Knowledge is limited regarding how ontogeny and genetic variation influence the expression of drug targets and thereby contribute to variability in drug response in children. One challenge in designing studies to acquire this knowledge is the extensive variability in drug exposure that occurs in vivo, especially when drug clearance is dependent on a polymorphically expressed pathway. For example, recently published data by our group demonstrated a 30-fold difference in systemic exposure between CYP2D6 poor and ultrarapid metabolizers administered the same weight-based dose (0.5 mg/kg) of atomoxetine (ATX), a medication used to treat ADHD. Therefore, we propose that by eliminating inter-individual differences in dose-exposure we can identify patient-specific characteristics that are predictive of response thereby creating a foundation for personalized drug dosing guidelines. The aims of this project are to 1) identify the inherent characteristics of children that segregate with ATX clinical response phenotypes, and 2) translate our understanding of the individual characteristics that drive the ATX dose-exposure relationship to target therapeutic exposures prior to a child's first dose. These aims will be accomplished by an investigation that employs an individual genome-ontogeny informed pharmacokinetic (iGO-PK) model to control ATX exposure between patients with state-of-the-art measures of outcome including pharmaco metabolomic signatures, biomarkers of neurotransmitter activity, such as plasma dihydroxyphenylglycol (DHPG) and change in pupil diameter as an indicator of central norepinephrine transport (NET) inhibition by ATX, as well as comprehensive clinical assessment. The proposed study will establish a new investigational paradigm that can be generally applied to medications used for a diverse array of pediatric indications, and that allows physicians to choose the safest and most effective dose of any drug that they prescribe for children.

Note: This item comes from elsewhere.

(* (a) The minimal Lagrangian fibres of a cohomogeneity-1 toric Kähler metric on $\mathbb{CP}^2$ sit above the diagonal $\triangle=\{x_1=x_2\}$ in the standard simplex $P$. (b) A cohomogeneity-1 toric Kähler metric on $\mathbb{CP}^2$ which is analytic admits a finite set of minimal Lagrangian fibres. (c) There is a (non-analytic) cohomogeneity-1 toric Kähler metric on $\mathbb{CP}^2$ which admits a continuum of minimal Lagrangian fibres. (d) Given a finite subset $\{p_1,\dots,p_k\}\subset \mathrm{int}\, P\cap \triangle$, there is a cohomogeneity-1 toric Kähler metric on $\mathbb{CP}^2$ whose set of minimal Lagrangian fibres is precisely (the set of fibres over) $\{p_1,\dots,p_k\}$.
   Context: $\mathbb{CP}^2$ is regarded as a toric manifold with moment map $\mu$ whose moment polytope is the standard simplex $P=\{x\in\mathbb{R}^2: l_i(x)\ge 0\}$, with $l_1(x)=x_1$, $l_2(x)=x_2$, $l_3(x)=1-x_1-x_2$. Toric Kähler metrics are described in action-angle coordinates $(x,\theta)$ by a symplectic potential $u$ on $P$, with $g=u_{ij}\,dx^i dx^j+u^{ij}\,d\theta^i d\theta^j$, where $u_{ij}=\partial^2 u/\partial x^i\partial x^j$ and $(u^{ij})$ is its inverse; $u-u_G$ is smooth on a neighbourhood of $P$, where $u_G=\tfrac12\sum_i(l_i\log l_i-l_i)$ is the Guillemin potential. A cohomogeneity-1 toric Kähler metric on $\mathbb{CP}^2$ is one whose symplectic potential has the form $u(x)=u_G(x)+\tfrac12 f(x_1+x_2)$ for a function $f$ of one variable (positivity of the Hessian amounts to $f''(t)>-\frac{1}{t(t-1)}$ for $0<t<1$). A fibre $\mu^{-1}(x)$, $x\in\mathrm{int}\,P$, is a minimal Lagrangian torus if and only if $x$ is a critical point of the orbital volume function $V=(\det \mathrm{Hess}(u))^{-1/2}$ (equivalently of $\log\det\mathrm{Hess}(u)$); "minimal Lagrangian fibres" refers to such fibres. *)

theory Defs
  imports "HOL-Analysis.Analysis"
begin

知识是关于个体发育和遗传变异如何影响药物表达的知识 靶标，从而导致儿童药物反应的变化。一个挑战 设计研究以获取这些知识的是发生药物暴露​​的广泛差异 体内，尤其是当药物清除率取决于多态表达的途径时。为了 示例，我们小组最近发布的数据证明了系统性的30倍差异 CYP2D6较差和超芯片代谢物之间的暴露与基于重量的相同重量 剂量（0.5 mg/kg）的原子苷（ATX），一种用于治疗多动症的药物。因此，我们提出 通过消除剂量暴露的个体间差异，我们可以识别患者特异性 可以预测响应的特征，从而为个性化药物创造基础 给药指南。该项目的目的是1）确定儿童的固有特征 与ATX临床反应表型分离，2）转化了我们对 将ATX剂量暴露与目标治疗的剂量暴露关系的个体特征 在孩子的第一次剂量之前进行暴露。这些目标将通过调查来实现 采用单独的基因组 - 直接知情药代动力学（IGO-PK）模型来控制ATX 具有最先进的预后措施的患者（包括Pharmaco）的暴露 代谢组学特征，神经递质活性的生物标志物，例如等离子体 二羟基苯基甘油（DHPG）和瞳孔直径的变化作为中央的指标 用ATX抑制去甲肾上腺素运输（净），以及全面的临床评估。 拟议的研究将建立一个新的研究范式，通常可以应用于 用于各种儿科适应症的药物，这使医生可以选择 他们为儿童开出的任何药物中最安全，最有效的剂量。